§ Prompt:
Among the lines below, how many have the string "blast" in them? Only the number is wanted.

§ Entries shown:

lemma dsum_bounded_subset_box:
  assumes "S \<in> dsum_bounded E N" and zero_mem: "\<And>i. 0 \<in> E i"
  obtains J R where "finite J" "R \<ge> 0" "S \<subseteq> dsum_box E N J R"
proof -
  obtain J B where J: "finite J" "\<forall>j\<in>J. norm_bounded (E j) (N j) (B j)"
    and S: "S \<subseteq> {f. (\<forall>j\<in>J. f j \<in> B j) \<and> (\<forall>j. j \<notin> J \<longrightarrow> f j = 0)}"
    using assms(1)[unfolded dsum_bounded_def mem_Collect_eq] by iprover
  have r_exists: "\<forall>j\<in>J. \<exists>r. B j \<subseteq> E j \<and> (\<forall>x\<in>B j. N j x \<le> r)"
    using J(2) unfolding norm_bounded_def by blast
  obtain r where r: "\<forall>j\<in>J. B j \<subseteq> E j \<and> (\<forall>x\<in>B j. N j x \<le> r j)"
    using bchoice[OF r_exists] by blast
  define R where "R = (\<Sum>j\<in>J. \<bar>r j\<bar>)"
  have "R \<ge> 0"
    unfolding R_def by (simp add: sum_nonneg)
  have r_le_R: "r j \<le> R" if "j \<in> J" for j
    using member_le_sum[of j J "\<lambda>j. \<bar>r j\<bar>"] J(1) that unfolding R_def by simp
  have "S \<subseteq> dsum_box E N J R"
  proof
    fix f assume "f \<in> S"
    with S have f: "\<forall>j\<in>J. f j \<in> B j" "\<forall>j. j \<notin> J \<longrightarrow> f j = 0" by blast+
    have "f j \<in> E j" for j
      using f r zero_mem by (cases "j \<in> J") auto
    moreover have "N j (f j) \<le> R" if "j \<in> J" for j
      using f r r_le_R that by (meson order_trans subsetD)
    ultimately show "f \<in> dsum_box E N J R"
      using f(2) unfolding dsum_box_def by blast
  qed
  with J(1) \<open>R \<ge> 0\<close> that show ?thesis by blast
qed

§ Result for this task:
5